Two industrial design students rate Apple’s latest technological wonder

Is the iPhone worth the hype?

On January 9, Apple launched its latest invention, the iPhone. This new device combines three products—a mobile phone, a widescreen iPod with touch controls, and an Internet communications device (with desktop-class email, web browsing, maps and searching)—into one small, lightweight hand-held device.

Carleton Now wanted to know whether this new product measured up to all the buzz about it.

We asked Jenna Stephens-Wells and Colin Finkle, two fourth-year industrial design students, to give the iPhone the “thumbs up” or “thumbs down” on four key criteria: functionality, aesthetic appeal, emotional impact and sustainability.

Will the iPhone be helpful?

Jenna says: Neutral

There is a risk the iPhone could be the “jack of all trades but master of none.” But Apple’s past success would suggest that current iPod users could easily adapt to and enjoy the iPhone, especially if they need the additional features.

Colin says: Thumbs up

The iPhone lets you have a phone, computer, music player and camera within arm’s reach. Keeping it handy would allow people to make better use of these various functions, as they are readily available when needed.

Does the iPhone look good?

Colin says: Thumbs down

The Apple styling has gone so far that the product isn’t recognizable as a phone anymore. It would seem that, by feel alone, it’s impossible to tell which side is up.

Jenna says: Thumbs up

If the iPod’s sleek, sexy design won your heart the first time around, then you’re sure to be drawn to the iPhone’s clean surface and product styling.

It fits right in with the existing Apple product line.

Does the iPhone tug at the heartstrings?

Jenna says: Neutral

The iPhone will be a natural replacement for your cherished iPod and allow you to avoid the nakedness of being without it. But with the iPhone, where do you draw the line between work and play? Your favourite accessory now accomplishes work-related tasks from which you might actually want to escape.

Colin says: Thumbs up

The friendly looking interface invites people to keep in touch and listen to their favourite songs anywhere.

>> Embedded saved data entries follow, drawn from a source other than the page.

lemma quotient_laplacian_C_eigvec:
  assumes g: "g < length \<alpha>" and a: "a < length \<alpha>"
  shows "quotient_laplacian \<alpha> C_block_adj (C_eigvec \<alpha> g) a = C_eig \<alpha> g * C_eigvec \<alpha> g a"
proof -
  let ?t = "C_eigvec \<alpha> g"
  let ?F = "\<lambda>b. if C_block_adj a b then real (\<alpha> ! b) * (?t a - ?t b) else 0"
  have Q: "quotient_laplacian \<alpha> C_block_adj ?t a
      = (\<Sum>b\<in>{0..<g}. ?F b) + ?F g + (\<Sum>b\<in>{Suc g..<length \<alpha>}. ?F b)"
    unfolding quotient_laplacian_def by (rule sum_atLeast0_split[OF g])
  have pre_g: "(\<Sum>b\<in>{0..<g}. real (\<alpha> ! b)) = real (pre \<alpha> g)" using g by (simp add: of_nat_pre)
  have pre_Suc_g: "real (pre \<alpha> (Suc g)) = real (pre \<alpha> g) + real (\<alpha> ! g)" using g by (simp add: pre_Suc)
  consider "a < g" | "a = g" | "g < a" by linarith
  then show ?thesis
  proof cases
    case 1
    have S1: "(\<Sum>b\<in>{0..<g}. ?F b) = 0" by (rule sum.neutral) (use 1 in \<open>auto simp: C_eigvec_def\<close>)
    have F: "?F g = (if odd g then real (\<alpha> ! g) * (real (\<alpha> ! g) + real (pre \<alpha> g)) else 0)"
      using 1 by (auto simp: C_eigvec_def C_block_adj_def max_def)
    have S3: "(\<Sum>b\<in>{Suc g..<length \<alpha>}. ?F b) = real (\<alpha> ! g) * odd_weight_above \<alpha> g"
      unfolding odd_weight_above_def sum_distrib_left
      by (rule sum.cong) (use 1 in \<open>auto simp: C_eigvec_def C_block_adj_def max_def\<close>)
    show ?thesis unfolding Q S1 F S3 using 1 by (simp add: C_eig_def C_eigvec_def pre_Suc_g algebra_simps)
  next
    case 2
    have S1: "(\<Sum>b\<in>{0..<g}. ?F b)
        = (if odd g then real (pre \<alpha> g) * (- real (pre \<alpha> g) - real (\<alpha> ! g)) else 0)"
    proof (cases "odd g")
      case True
      have "(\<Sum>b\<in>{0..<g}. ?F b) = (\<Sum>b\<in>{0..<g}. real (\<alpha> ! b) * (- real (pre \<alpha> g) - real (\<alpha> ! g)))"
        by (rule sum.cong) (use 2 True in \<open>auto simp: C_eigvec_def C_block_adj_def max_def\<close>)
      then show ?thesis using True by (simp add: sum_distrib_right[symmetric] pre_g)
    next
      case False
      show ?thesis
        by (rule trans[OF sum.neutral]) (use 2 False in \<open>auto simp: C_eigvec_def C_block_adj_def max_def\<close>)
    qed
    have S3: "(\<Sum>b\<in>{Suc g..<length \<alpha>}. ?F b) = - real (pre \<alpha> g) * odd_weight_above \<alpha> g"
      unfolding odd_weight_above_def sum_distrib_left
      by (rule sum.cong) (use 2 in \<open>auto simp: C_eigvec_def C_block_adj_def max_def\<close>)
    show ?thesis unfolding Q S1 S3 using 2 by (simp add: C_eig_def C_eigvec_def pre_Suc_g algebra_simps)
  next
    case 3
    have S1: "(\<Sum>b\<in>{0..<g}. ?F b) = (if odd a then - real (\<alpha> ! g) * real (pre \<alpha> g) else 0)"
    proof (cases "odd a")
      case True
      have "(\<Sum>b\<in>{0..<g}. ?F b) = (\<Sum>b\<in>{0..<g}. real (\<alpha> ! b) * (- real (\<alpha> ! g)))"
        by (rule sum.cong) (use 3 True in \<open>auto simp: C_eigvec_def C_block_adj_def max_def\<close>)
      also have "\<dots> = (\<Sum>b\<in>{0..<g}. real (\<alpha> ! b)) * (- real (\<alpha> ! g))"
        by (rule sum_distrib_right[symmetric])
      finally show ?thesis using True by (simp add: pre_g)
    next
      case False
      show ?thesis
        by (rule trans[OF sum.neutral]) (use 3 False in \<open>auto simp: C_eigvec_def C_block_adj_def max_def\<close>)
    qed
    have F: "?F g = (if odd a then real (\<alpha> ! g) * real (pre \<alpha> g) else 0)"
      using 3 by (auto simp: C_eigvec_def C_block_adj_def max_def)
    have S3: "(\<Sum>b\<in>{Suc g..<length \<alpha>}. ?F b) = 0"
      by (rule sum.neutral) (use 3 in \<open>auto simp: C_eigvec_def\<close>)
    show ?thesis unfolding Q S1 F S3 using 3 by (simp add: C_eigvec_def)
  qed
qed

People will value their iPhone like they do a close friend.

Is the iPhone socially and/or environmentally friendly?

Colin says: Thumbs down

People already use cellphones and music players to cocoon themselves away from others. With the functions combined, it will be even easier for people to ignore the world around them and, as a result, become even more anti-social than they already are.

Jenna says: Thumbs down

The iPhone has become a must-have product before it has even been released, but it will likely be replacing working products that will end up in the landfill, along with other iPods and iPhones whose rechargeable batteries are not designed to be replaced.

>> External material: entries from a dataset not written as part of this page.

lemma exists_bump_almost_squares_bounded:
  fixes N :: "('a::topological_space \<Rightarrow>\<^sub>C real) \<Rightarrow> real" and g :: "'a \<Rightarrow>\<^sub>C real"
  assumes N: "equiv_norm N" and a: "0 < a" "\<And>x. a * norm x \<le> N x"
    and "0 < g t0" and "0 < \<epsilon>" and "0 < \<eta>"
  obtains h :: "'a \<Rightarrow>\<^sub>C real" and e
  where "\<forall>t. 0 \<le> h t" and "\<exists>t. 0 < h t" and "\<forall>t. 0 < h t \<longrightarrow> 0 < g t"
    and "almost_squares_bounded N \<epsilon> (\<epsilon> / a + \<eta>) e {t. 0 < h t}"
proof -
  obtain M where "0 < M" and "M \<le> 1 / a"
    and abs_le: "\<And>f t. t \<in> {t. 0 < g t} \<Longrightarrow> \<bar>apply_bcontfun f t\<bar> \<le> M * N f"
    and approx: "\<And>c. c < M \<Longrightarrow> \<exists>e :: 'a \<Rightarrow>\<^sub>C real. \<exists>t\<in>{t. 0 < g t}. N e = 1 \<and> c < \<bar>e t\<bar>"
    using exists_sup_abs_apply[OF N a, of t0 "{t. 0 < g t}"] \<open>0 < g t0\<close> by blast
  define c where "c = max 0 (M - \<eta>)"
  have "c < M"
    using \<open>0 < M\<close> \<open>0 < \<eta>\<close> by (simp add: c_def)
  then obtain e :: "'a \<Rightarrow>\<^sub>C real" and t1 where e: "N e = 1" "0 < g t1" "c < \<bar>e t1\<bar>"
    using approx by blast
  have "\<exists>h :: 'a \<Rightarrow>\<^sub>C real. \<forall>t. h t = max 0 (min (g t) (\<bar>e t\<bar> - c))"
  proof (rule ex_bcontfun_eq)
    show "continuous_on UNIV (\<lambda>t. max 0 (min (g t) (\<bar>e t\<bar> - c)))"
      by (intro continuous_intros) auto
    show "norm (max 0 (min (g t) (\<bar>e t\<bar> - c))) \<le> norm g" for t
      using norm_bounded[of g t] by auto
  qed
  then obtain h :: "'a \<Rightarrow>\<^sub>C real" where h_apply: "\<And>t. h t = max 0 (min (g t) (\<bar>e t\<bar> - c))"
    by blast
  have "almost_squares_bounded N \<epsilon> (\<epsilon> / a + \<eta>) e {t. 0 < h t}"
    unfolding almost_squares_bounded_def
  proof (intro conjI allI impI ballI)
    show "N e = 1"
      by (rule e(1))
    fix y t
    assume y: "N (e + y) \<le> 1 + \<epsilon> \<and> N (e - y) \<le> 1 + \<epsilon>" and "t \<in> {t. 0 < h t}"
    then have "0 < g t" and "c < \<bar>e t\<bar>"
      by (auto simp: h_apply)
    have "\<bar>e t + y t\<bar> \<le> M * (1 + \<epsilon>)" and "\<bar>e t - y t\<bar> \<le> M * (1 + \<epsilon>)"
      using abs_le[of t "e + y"] abs_le[of t "e - y"] \<open>0 < g t\<close> y \<open>0 < M\<close>
      by (auto intro: order_trans[OF _ mult_left_mono])
    \<comment> \<open>\<open>\<bar>e t\<bar> + \<bar>y t\<bar>\<close> is the larger of \<open>\<bar>e t + y t\<bar>\<close> and \<open>\<bar>e t - y t\<bar>\<close>\<close>
    then have "\<bar>y t\<bar> \<le> M * (1 + \<epsilon>) - \<bar>e t\<bar>"
      by linarith
    also have "\<dots> \<le> \<epsilon> * M + \<eta>"
      using \<open>c < \<bar>e t\<bar>\<close> by (simp add: c_def algebra_simps)
    also have "\<dots> \<le> \<epsilon> / a + \<eta>"
      using \<open>M \<le> 1 / a\<close> \<open>0 < \<epsilon>\<close> by (simp add: mult_left_mono divide_inverse)
    finally show "\<bar>y t\<bar> \<le> \<epsilon> / a + \<eta>" .
  qed
  moreover have "0 < h t1"
    using e by (simp add: h_apply)
  ultimately show thesis
    by (intro that[of h e]) (auto simp: h_apply)
qed

lemma exists_bump_avoiding_family:
  fixes N :: "('a::topological_space \<Rightarrow>\<^sub>C real) \<Rightarrow> real" and G :: "('a \<Rightarrow>\<^sub>C real) set"
  assumes ASQ: "ASQ_lt N I" and "0 < \<epsilon>" and b: "0 < b" "\<And>x. N x \<le> b * norm x" and "b * \<delta> < 1"
    and "G \<prec> I" and bounded: "\<And>g. g \<in> G \<Longrightarrow> \<exists>e. almost_squares_bounded N \<epsilon> \<delta> e {t. 0 < g t}"
  obtains h :: "'a \<Rightarrow>\<^sub>C real" and t1 where "0 < h t1" and "\<And>g t. g \<in> G \<Longrightarrow> 0 < g t \<Longrightarrow> h t = 0"
proof -
  obtain E where E: "\<And>g. g \<in> G \<Longrightarrow> almost_squares_bounded N \<epsilon> \<delta> (E g) {t. 0 < g t}"
    using bounded by metis
  have "E ` G \<subseteq> {x. N x = 1}"
    using E by (auto simp: almost_squares_bounded_def)
  moreover have "E ` G \<prec> I"
    using \<open>G \<prec> I\<close> image_lepoll lesspoll_trans1 by blast
  ultimately obtain y where "N y = 1" and y: "\<forall>x\<in>E ` G. N (x + y) \<le> 1 + \<epsilon> \<and> N (x - y) \<le> 1 + \<epsilon>"
    using ASQ \<open>0 < \<epsilon>\<close> unfolding ASQ_lt_def by blast
  have small: "\<bar>y t\<bar> \<le> \<delta>" if "g \<in> G" and "0 < g t" for g t
    using E[OF that(1)] y that unfolding almost_squares_bounded_def by blast
  have "\<exists>t1. \<delta> < \<bar>y t1\<bar>"
  proof (rule ccontr)
    assume "\<nexists>t1. \<delta> < \<bar>y t1\<bar>"
    then have "norm y \<le> \<delta>"
      by (intro norm_bound) (auto simp: not_less)
    then have "N y \<le> b * \<delta>"
      using b by (meson mult_left_mono less_imp_le order_trans)
    then show False
      using \<open>N y = 1\<close> \<open>b * \<delta> < 1\<close> by linarith
  qed
  then obtain t1 where "\<delta> < \<bar>y t1\<bar>"
    by blast
  have "\<exists>h :: 'a \<Rightarrow>\<^sub>C real. \<forall>t. h t = max 0 (\<bar>y t\<bar> - \<delta>)"
  proof (rule ex_bcontfun_eq)
    show "continuous_on UNIV (\<lambda>t. max 0 (\<bar>y t\<bar> - \<delta>))"
      by (intro continuous_intros) auto
    show "norm (max 0 (\<bar>y t\<bar> - \<delta>)) \<le> norm y + \<bar>\<delta>\<bar>" for t
      using norm_bounded[of y t] by auto
  qed
  then obtain h :: "'a \<Rightarrow>\<^sub>C real" where h_apply: "\<And>t. h t = max 0 (\<bar>y t\<bar> - \<delta>)"
    by blast
  show thesis
    using \<open>\<delta> < \<bar>y t1\<bar>\<close> small by (intro that[of h t1]) (auto simp: h_apply)
qed

definition controlled_bump ::
    "(('a::topological_space \<Rightarrow>\<^sub>C real) \<Rightarrow> real) \<Rightarrow> real \<Rightarrow> real \<Rightarrow> ('a \<Rightarrow>\<^sub>C real) \<Rightarrow> bool"
  where "controlled_bump N \<epsilon> \<delta> g \<longleftrightarrow> (\<forall>t. 0 \<le> g t) \<and> (\<exists>t. 0 < g t) \<and>
    (\<exists>e. almost_squares_bounded N \<epsilon> \<delta> e {t. 0 < g t})"

definition disjoint_supports :: "('a::topological_space \<Rightarrow>\<^sub>C real) \<Rightarrow> ('a \<Rightarrow>\<^sub>C real) \<Rightarrow> bool"
  where "disjoint_supports g h \<longleftrightarrow> (\<forall>t. g t = 0 \<or> h t = 0)"

lemma disjoint_supports_nonnegI:
  fixes g h :: "'a::topological_space \<Rightarrow>\<^sub>C real"
  assumes "\<And>t. 0 \<le> g t" and "\<And>t. 0 \<le> h t" and "\<And>t. 0 < g t \<Longrightarrow> 0 < h t \<Longrightarrow> False"
  shows "disjoint_supports g h"
  unfolding disjoint_supports_def using assms by (smt (verit))

lemma exists_controlled_bump_disjoint_from_family:
  fixes N :: "('a::topological_space \<Rightarrow>\<^sub>C real) \<Rightarrow> real" and G :: "('a \<Rightarrow>\<^sub>C real) set"
  assumes N: "equiv_norm N" and ASQ: "ASQ_lt N I"
    and a: "0 < a" "\<And>x. a * norm x \<le> N x" and b: "0 < b" "\<And>x. N x \<le> b * norm x"
    and "0 < \<epsilon>" and "\<epsilon> / a < \<delta>" and "b * \<delta> < 1"
    and "G \<prec> I" and G: "G \<subseteq> Collect (controlled_bump N \<epsilon> \<delta>)"
  obtains g where "controlled_bump N \<epsilon> \<delta> g" and "g \<notin> G"
    and "\<And>g'. g' \<in> G \<Longrightarrow> disjoint_supports g' g"
proof -
  have "\<exists>e. almost_squares_bounded N \<epsilon> \<delta> e {t. 0 < g t}" if "g \<in> G" for g
    using G that by (auto simp: controlled_bump_def)
  then obtain h :: "'a \<Rightarrow>\<^sub>C real" and t1
    where "0 < h t1" and h_vanishes: "\<And>g t. g \<in> G \<Longrightarrow> 0 < g t \<Longrightarrow> h t = 0"
    using exists_bump_avoiding_family[OF ASQ \<open>0 < \<epsilon>\<close> b \<open>b * \<delta> < 1\<close> \<open>G \<prec> I\<close>] by blast
  have "0 < \<delta> - \<epsilon> / a"
    using \<open>\<epsilon> / a < \<delta>\<close> by simp
  then obtain g :: "'a \<Rightarrow>\<^sub>C real" and e where "\<forall>t. 0 \<le> g t" and "\<exists>t. 0 < g t"
    and below_h: "\<forall>t. 0 < g t \<longrightarrow> 0 < h t"
    and "almost_squares_bounded N \<epsilon> (\<epsilon> / a + (\<delta> - \<epsilon> / a)) e {t. 0 < g t}"
    by (rule exists_bump_almost_squares_bounded[OF N a \<open>0 < h t1\<close> \<open>0 < \<epsilon>\<close>])
  then have "controlled_bump N \<epsilon> \<delta> g"
    unfolding controlled_bump_def by auto
  have disjoint: "disjoint_supports g' g" if "g' \<in> G" for g'
  proof (rule disjoint_supports_nonnegI)
    show "0 \<le> g' t" for t
      using G that by (auto simp: controlled_bump_def)
    show "0 \<le> g t" for t
      using \<open>\<forall>t. 0 \<le> g t\<close> by blast
    show False if "0 < g' t" and "0 < g t" for t
      using h_vanishes[OF \<open>g' \<in> G\<close> that(1)] below_h that(2) by fastforce
  qed
  moreover have "g \<notin> G"
  proof
    assume "g \<in> G"
    then have "disjoint_supports g g"
      by (rule disjoint)
    then show False
      using \<open>\<exists>t. 0 < g t\<close> by (auto simp: disjoint_supports_def)
  qed
  ultimately show thesis
    using \<open>controlled_bump N \<epsilon> \<delta> g\<close> that by blast
qed

lemma exists_disjointly_supported_family:
  fixes N :: "('a::topological_space \<Rightarrow>\<^sub>C real) \<Rightarrow> real"
  assumes N: "equiv_norm N" and ASQ: "ASQ_lt N (UNIV :: 'k set)"
  obtains v :: "'k \<Rightarrow> ('a \<Rightarrow>\<^sub>C real)"
  where "\<And>i. v i \<noteq> 0" and "\<And>i j. i \<noteq> j \<Longrightarrow> disjoint_supports (v i) (v j)"
proof -
  obtain a b where a: "0 < a" "\<And>x. a * norm x \<le> N x" and b: "0 < b" "\<And>x. N x \<le> b * norm x"
    using N unfolding equiv_norm_def by blast
  define \<epsilon> where "\<epsilon> = a / (4 * b)"
  define \<delta> where "\<delta> = 1 / (2 * b)"
  have "0 < \<epsilon>" and "\<epsilon> / a < \<delta>" and "b * \<delta> < 1"
    using a b by (simp_all add: \<epsilon>_def \<delta>_def field_simps)
  obtain G where G: "G \<subseteq> Collect (controlled_bump N \<epsilon> \<delta>)" "pairwise disjoint_supports G"
    and maximal: "\<And>g. g \<in> Collect (controlled_bump N \<epsilon> \<delta>) \<Longrightarrow>
      pairwise disjoint_supports (insert g G) \<Longrightarrow> g \<in> G"
    using exists_maximal_pairwise_subset[of "Collect (controlled_bump N \<epsilon> \<delta>)" disjoint_supports]
    by blast
  have "\<not> G \<prec> (UNIV :: 'k set)"
  proof
    assume "G \<prec> (UNIV :: 'k set)"
    then obtain g where "controlled_bump N \<epsilon> \<delta> g" and "g \<notin> G"
      and "\<And>g'. g' \<in> G \<Longrightarrow> disjoint_supports g' g"
      using exists_controlled_bump_disjoint_from_family[OF N ASQ a b \<open>0 < \<epsilon>\<close> \<open>\<epsilon> / a < \<delta>\<close>
          \<open>b * \<delta> < 1\<close> _ G(1)]
      by blast
    moreover from this(3) have "pairwise disjoint_supports (insert g G)"
      using G(2) by (auto simp: pairwise_insert disjoint_supports_def)
    ultimately show False
      using maximal by blast
  qed
  then obtain v :: "'k \<Rightarrow> ('a \<Rightarrow>\<^sub>C real)" where "inj v" and "range v \<subseteq> G"
    using lepoll_if_not_lesspoll unfolding lepoll_def by blast
  show thesis
  proof (rule that)
    show "v i \<noteq> 0" for i
    proof
      have "controlled_bump N \<epsilon> \<delta> (v i)"
        using \<open>range v \<subseteq> G\<close> G(1) by blast
      moreover assume "v i = 0"
      ultimately show False
        by (simp add: controlled_bump_def)
    qed
    show "disjoint_supports (v i) (v j)" if "i \<noteq> j" for i j
      using \<open>inj v\<close> \<open>range v \<subseteq> G\<close> G(2) that unfolding pairwise_def inj_def by blast
  qed
qed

Is this device worth all the attention it is getting?

Jenna says: Thumbs up

By all means, check out the iPhone. It’s a great example of advances in technology and it showcases the Apple design.

But you have to decide if it’s right for you. Added features may be unnecessary, so why opt for the complexity and higher cost?

Colin says: Neutral

There is no doubt that the iPhone is an interesting and appealing product. At the same time, Cingular will have a monopoly as the sole service provider; fans must be willing to pay to get their hands on the latest Apple design.